12. The .apply() method is always faster than a Python for loop.

Answer

**False** *Explanation:* `.apply()` with a Python function still has overhead. For maximum speed, use vectorized operations with NumPy or pandas built-in methods.

13. Type hints in Python are enforced at runtime.

Answer

**False** *Explanation:* Python type hints are for documentation and static analysis tools (like mypy). They are not enforced at runtime.

14. Using df.query("column > 5") is equivalent to df[df['column'] > 5].

Answer

**True** *Explanation:* `.query()` provides a string-based syntax for filtering that is functionally equivalent to boolean indexing.

15. The @timer decorator pattern can be used to measure function execution time.

Answer

**True** *Explanation:* Decorators that wrap functions and add timing logic before/after execution are a common pattern for profiling.

Section 3: Code Analysis (2 points each)

16. What's wrong with this code?

filtered = pbp[pbp['pass'] == 1]
filtered['success'] = filtered['epa'] > 0

Answer

**SettingWithCopyWarning / Modifying a view** The fix is to add `.copy()`:

filtered = pbp[pbp['pass'] == 1].copy()
filtered['success'] = filtered['epa'] > 0

17. What's wrong with this code?

mask = df['epa'] > 0 and df['pass'] == 1
result = df[mask]

Answer

**Using `and` instead of `&` for element-wise operations** The fix:

mask = (df['epa'] > 0) & (df['pass'] == 1)
result = df[mask]

Each condition must be wrapped in parentheses when using `&` or `|`.

18. What does this code return?

pbp.groupby('posteam')['epa'].agg(['sum', 'mean', 'count'])

Answer

A DataFrame with: - Index: unique team names (`posteam`) - Columns: `sum`, `mean`, `count` (EPA statistics) - One row per team The result has a multi-level column structure if not flattened.

19. Rewrite this slow code to be faster:

results = []
for idx, row in pbp.iterrows():
    results.append(row['epa'] * 2)
df['epa_doubled'] = results

Answer

df['epa_doubled'] = df['epa'] * 2

Vectorized operations are 100x+ faster than iterating with `.iterrows()`.

Section 4: Short Answer (2 points each)

20. Explain when you would use .transform() vs .agg() in a groupby operation.

Sample Answer

Use `.agg()` when you want to reduce each group to a single summary value (e.g., calculating team totals or averages). The result is one row per group.

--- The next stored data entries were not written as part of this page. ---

lemma alphaJ_eq:
  assumes "finite J" "card J = k"
  defines "S \<equiv> {1..k} - J" and "T \<equiv> J - {1..k}"
  shows "alphaJ k kappa beta J =
         KJ kappa S ^ 2 * KJ kappa T ^ 2 / cross_sq kappa S T *
         ((\<Prod>a\<in>S. bet beta (a - 1)) / (\<Prod>b\<in>T. bet beta (b - 1)))"
proof -
  define il where "il = sorted_list_of_set S"
  define jl where "jl = sorted_list_of_set T"
  define s where "s = length jl"
  have "finite S" "finite T" using assms(1) by (simp_all add: S_def T_def)
  moreover have "card S = card T"
    using assms by (simp add: S_def T_def card_Diff_subset_Int Int_commute)
  ultimately have il: "distinct il" "set il = S" "length il = s" and jl: "distinct jl" "set jl = T"
    by (simp_all add: il_def jl_def s_def)
  have pairs: "(\<Prod>p\<in>{(l, m). l < m \<and> m < s}. (kappa (il ! snd p) - kappa (il ! fst p)) ^ 2 *
          (kappa (jl ! snd p) - kappa (jl ! fst p)) ^ 2) = KJ kappa S ^ 2 * KJ kappa T ^ 2"
    using prod_index_pairs_sorted_list[OF \<open>finite S\<close>, of "\<lambda>a b. (kappa b - kappa a) ^ 2"]
      prod_index_pairs_sorted_list[OF \<open>finite T\<close>, of "\<lambda>a b. (kappa b - kappa a) ^ 2"] il(3)
    by (simp add: prod.distrib KJ_sq case_prod_beta il_def jl_def s_def)
  have cross: "(\<Prod>p\<in>{..<s} \<times> {..<s}. (kappa (jl ! snd p) - kappa (il ! fst p)) ^ 2) =
                 cross_sq kappa S T"
  proof -
    have inner: "(\<Prod>m<s. (kappa (jl ! m) - kappa a) ^ 2) = (\<Prod>b\<in>T. (kappa b - kappa a) ^ 2)" for a
      using prod_nth_distinct[OF jl(1), of "\<lambda>b. (kappa b - kappa a) ^ 2"] jl(2) by (simp add: s_def)
    have "(\<Prod>p\<in>{..<s} \<times> {..<s}. (kappa (jl ! snd p) - kappa (il ! fst p)) ^ 2) =
          (\<Prod>l<s. \<Prod>b\<in>T. (kappa b - kappa (il ! l)) ^ 2)"
      by (simp add: prod.cartesian_product case_prod_beta flip: inner)
    also have "\<dots> = cross_sq kappa S T"
      using prod_nth_distinct[OF il(1), of "\<lambda>a. \<Prod>b\<in>T. (kappa b - kappa a) ^ 2"] il(2,3)
      by (simp add: cross_sq_def)
    finally show ?thesis .
  qed
  have bet: "(\<Prod>l<s. bet beta (il ! l - 1) / bet beta (jl ! l - 1)) =
                 (\<Prod>a\<in>S. bet beta (a - 1)) / (\<Prod>b\<in>T. bet beta (b - 1))"
    using prod_nth_distinct[OF jl(1), of "\<lambda>b. bet beta (b - 1)"]
      prod_nth_distinct[OF il(1), of "\<lambda>a. bet beta (a - 1)"] il(2,3) jl(2)
    by (simp add: prod_dividef s_def)
  show ?thesis
    unfolding alphaJ_def Let_def S_def[symmetric] T_def[symmetric] il_def[symmetric]
      jl_def[symmetric] s_def[symmetric] pairs cross bet
    by simp
qed

section \<open>Lagrange basis\<close>

text \<open>For x in I this is the derivative at kappa x of the node polynomial of I, for x outside I
  its value there.\<close>
definition node_prod :: "nat set \<Rightarrow> (nat \<Rightarrow> 'a::comm_ring_1) \<Rightarrow> nat \<Rightarrow> 'a" where
  "node_prod I kappa x = (\<Prod>l\<in>I - {x}. kappa x - kappa l)"

definition lagrange_basis :: "nat set \<Rightarrow> (nat \<Rightarrow> 'a::field) \<Rightarrow> nat \<Rightarrow> 'a poly" where
  "lagrange_basis I kappa i = smult (1 / node_prod I kappa i) (\<Prod>l\<in>I - {i}. [:- kappa l, 1:])"

lemma node_prod_nonzero:
  fixes kappa :: "nat \<Rightarrow> 'a::idom"
  assumes "inj_on kappa (insert x I)"
  shows "node_prod I kappa x \<noteq> 0"
  using inj_on_contraD[OF assms] by (cases "finite I") (auto simp: node_prod_def prod_zero_iff)

lemma poly_lagrange_basis:
  "poly (lagrange_basis I kappa i) y = (\<Prod>l\<in>I - {i}. y - kappa l) / node_prod I kappa i"
  by (simp add: lagrange_basis_def poly_prod)

lemma degree_lagrange_basis:
  assumes "finite I" "i \<in> I"
  shows "degree (lagrange_basis I kappa i) < card I"
proof -
  have "degree (lagrange_basis I kappa i) \<le> degree (\<Prod>l\<in>I - {i}. [:- kappa l, 1:])"
    by (simp add: lagrange_basis_def)
  also have "\<dots> \<le> (\<Sum>l\<in>I - {i}. degree [:- kappa l, 1:])"
    using degree_prod_sum_le[of "I - {i}" "\<lambda>l. [:- kappa l, 1:]"] assms by (simp add: o_def)
  also have "\<dots> < card I"
    using assms card_gt_0_iff[of I] by (auto simp: card_Diff_singleton)
  finally show ?thesis .
qed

Use `.transform()` when you want to broadcast a group statistic back to each row of the original DataFrame (e.g., adding a column showing each play's EPA vs. team average). The result has the same length as the input.

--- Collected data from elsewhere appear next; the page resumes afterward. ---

theorem lemma1:
  fixes n m :: nat and \<alpha> \<beta> :: "nat \<Rightarrow> real"
    and Cb :: "nat \<Rightarrow> nat \<Rightarrow> nat \<Rightarrow> real"
    and C :: "nat \<Rightarrow> nat \<Rightarrow> real"
    and \<phi> :: "real \<Rightarrow> ereal"
  assumes "0 < n" and "0 < m"
    and "\<forall>p<m. 0 \<le> \<alpha> p" and "\<forall>p<m. 0 \<le> \<beta> p"
    and "prob_vec (n * m) (stack m \<alpha>)" and "prob_vec (n * m) (stack m \<beta>)"
    and "\<forall>k<n. \<forall>p<m. \<forall>q<m. 0 \<le> Cb k p q"
    and "block_circulant n m C Cb"
    and "ext_convex \<phi>" and "\<forall>x. \<phi> x \<noteq> -\<infinity>" and "\<forall>x<0. \<phi> x = \<infinity>"
    and "\<exists>T. optimal (n * m) C \<phi> (stack m \<alpha>) (stack m \<beta>) T"
  shows "\<exists>T Tb. optimal (n * m) C \<phi> (stack m \<alpha>) (stack m \<beta>) T
           \<and> (\<forall>k<n. \<forall>p<m. \<forall>q<m. 0 \<le> Tb k p q)
           \<and> block_circulant n m T Tb"
proof -
  obtain T where opt: "optimal (n * m) C \<phi> (stack m \<alpha>) (stack m \<beta>) T"
    using assms(12) by blast
  show ?thesis
  proof (cases "objective (n * m) C \<phi> T = \<infinity>")
    case True
    have "optimal (n * m) C \<phi> (stack m \<alpha>) (stack m \<beta>) (\<lambda>i j. stack m \<alpha> i * stack m \<beta> j)"
      using opt True feasible_product[OF assms(5,6)] by (rule optimal_if_optimal_value_infinite)
    moreover have "\<forall>k<n. \<forall>p<m. \<forall>q<m. 0 \<le> \<alpha> p * \<beta> q"
      using assms(3,4) by simp
    ultimately show ?thesis
      using block_circulant_stack_product[of n m \<alpha> \<beta>]
      by (intro exI[of _ "\<lambda>i j. stack m \<alpha> i * stack m \<beta> j"] exI[of _ "\<lambda>k p q. \<alpha> p * \<beta> q"] conjI)
  next
    case False
    define T' where "T' = perm_average {..<n} (block_shift n m) T"
    have opt': "optimal (n * m) C \<phi> (stack m \<alpha>) (stack m \<beta>) T'"
      unfolding T'_def using assms(1,8-10) opt False by (intro optimal_block_shift_average) auto
    then have "objective (n * m) C \<phi> T' \<le> objective (n * m) C \<phi> T"
      using opt unfolding optimal_def by blast
    then have "objective (n * m) C \<phi> T' \<noteq> \<infinity>"
      using False by (metis ereal_infty_less_eq(1))
    then have "0 \<le> T' i j" if "i < n * m" "j < n * m" for i j
      using nonneg_if_objective_finite assms(11) that by blast
    moreover have bc: "block_circulant n m T' (\<lambda>k p q. T' p (k * m + q))"
      unfolding T'_def by (rule block_circulant_block_shift_average)
    ultimately have "\<forall>k<n. \<forall>p<m. \<forall>q<m. 0 \<le> T' p (k * m + q)"
      using block_circulant_nonneg by blast
    with opt' bc show ?thesis
      by (intro exI[of _ T'] exI[of _ "\<lambda>k p q. T' p (k * m + q)"] conjI) auto
  qed
qed

end
(* Let $\varphi=\mathrm{Parity}(\{0,1\})$ be the co-Büchi objective. There exists an infinitely branching (countable) MDP $\mathcal M$ with a color function $\mathit{Col}:S\to\{0,1\}$ and an initial state $s$ such that (i) for every FR-strategy $\sigma$ we have $\mathcal P_{\mathcal M,s,\sigma}(\varphi)=0$, and (ii) there exists an HD-strategy $\sigma$ such that $\mathcal P_{\mathcal M,s,\sigma}(\varphi)=1$. Hence optimal (and even almost-surely winning) strategies and $\epsilon$-optimal strategies for co-Büchi require infinite memory (i.e., cannot in general be chosen FR).
   Context: An MDP is $\mathcal M=\langle S,S_\Box,S_\circ,\longrightarrow,P\rangle$ where $S$ is a countable set of states partitioned into player states $S_\Box$ and random states $S_\circ$, $\longrightarrow\subseteq S\times S$ is a transition relation in which every state has at least one successor, and $P$ assigns to each random state a probability distribution over its successors. $\mathcal M$ is finitely branching if every state has finitely many successors, otherwise infinitely branching. A play is an infinite sequence $s_0s_1\cdots$ with $s_i\longrightarrow s_{i+1}$ for all $i$. A strategy is a function $\sigma:S^*S_\Box\to\mathcal D(S)$ assigning to each partial play ending in a player state $s$ a probability distribution over successors of $s$. Strategies are implemented by probabilistic transducers $(\mathsf M,\mathsf m_0,\pi_u,\pi_s)$ with countable memory $\mathsf M$, initial mode $\mathsf m_0$, randomized memory update $\pi_u:\mathsf M\times S\to\mathcal D(\mathsf M)$ and randomized successor choice $\pi_s:\mathsf M\times S_\Box\to\mathcal D(S)$ (choosing only successors of the current state); the induced strategy is $\sigma(s_0\cdots s_n)=\pi_s(s_n,\pi_u(s_0\cdots s_{n-1},\mathsf m_0))$ with $\pi_u$ extended naturally. A strategy is finite-memory (F) if some transducer with finite $\mathsf M$ induces it, deterministic (D) if $\pi_u,\pi_s$ can be taken Dirac; FR = finite-memory randomized, HD = history-dependent deterministic. $\mathcal P_{\mathcal M,s,\sigma}$ is the induced probability measure on plays from $s$. For a color function $\mathit{Col}:S\to\mathcal C$ with $\mathcal C\subseteq\mathbb N$ finite, $\mathrm{Parity}(\mathcal C)$ is the set of plays in which the largest color occurring infinitely often is even; thus $\mathrm{Parity}(\{0,1\})$ (co-Büchi) is the set of plays visiting color-1 states only finitely often. The value of $s$ is $\sup_\sigma\mathcal P_{\mathcal M,s,\sigma}(\varphi)$; $\sigma$ is $\epsilon$-optimal if it achieves at least value minus $\epsilon$, optimal if $\epsilon=0$, almost-surely winning if it achieves probability $1$. *)

theory Defs
  imports "HOL-Probability.Probability"
begin

text \<open>An MDP is given by the set of
player states (all other states are random states), the successor function (the transition
relation), and the probability distributions of random states.\<close>

record mdp =
  player :: "nat set"
  succ   :: "nat \<Rightarrow> nat set"
  prob_of :: "nat \<Rightarrow> nat pmf"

21. Why is caching important when loading NFL data, and what should you consider when implementing it?

Sample Answer

Caching avoids repeated downloads of large datasets, saving time and reducing load on data servers. Considerations: - Cache location (local files, memory) - Cache invalidation (when to refresh) - Storage format (parquet is efficient) - Cache key design (season, data type)

22. What are the key components of a well-written function docstring?

Sample Answer

A good docstring includes: 1. **Brief description** of what the function does 2. **Parameters section** listing each argument, its type, and purpose 3. **Returns section** describing the return value and type 4. **Examples** showing usage 5. **Raises section** if the function raises exceptions

Section 5: Matching (1 point each)

Match the pandas operation with its purpose:

Operation	Purpose
23. `.merge()`	A. Combine rows from multiple DataFrames
24. `.concat()`	B. Join DataFrames on matching columns
25. `.groupby().transform()`	C. Broadcast group statistics to each row

Answers

**23. B** - `.merge()` joins DataFrames on matching columns (like SQL JOIN) **24. A** - `.concat()` stacks DataFrames vertically or horizontally **25. C** - `.transform()` broadcasts group calculations back to original rows

Scoring

Section	Points	Your Score
Multiple Choice (1-10)	10	___
True/False (11-15)	5	___
Code Analysis (16-19)	8	___
Short Answer (20-22)	6	___
Matching (23-25)	3	___
Total	32	___

Passing Score: 23/32 (70%)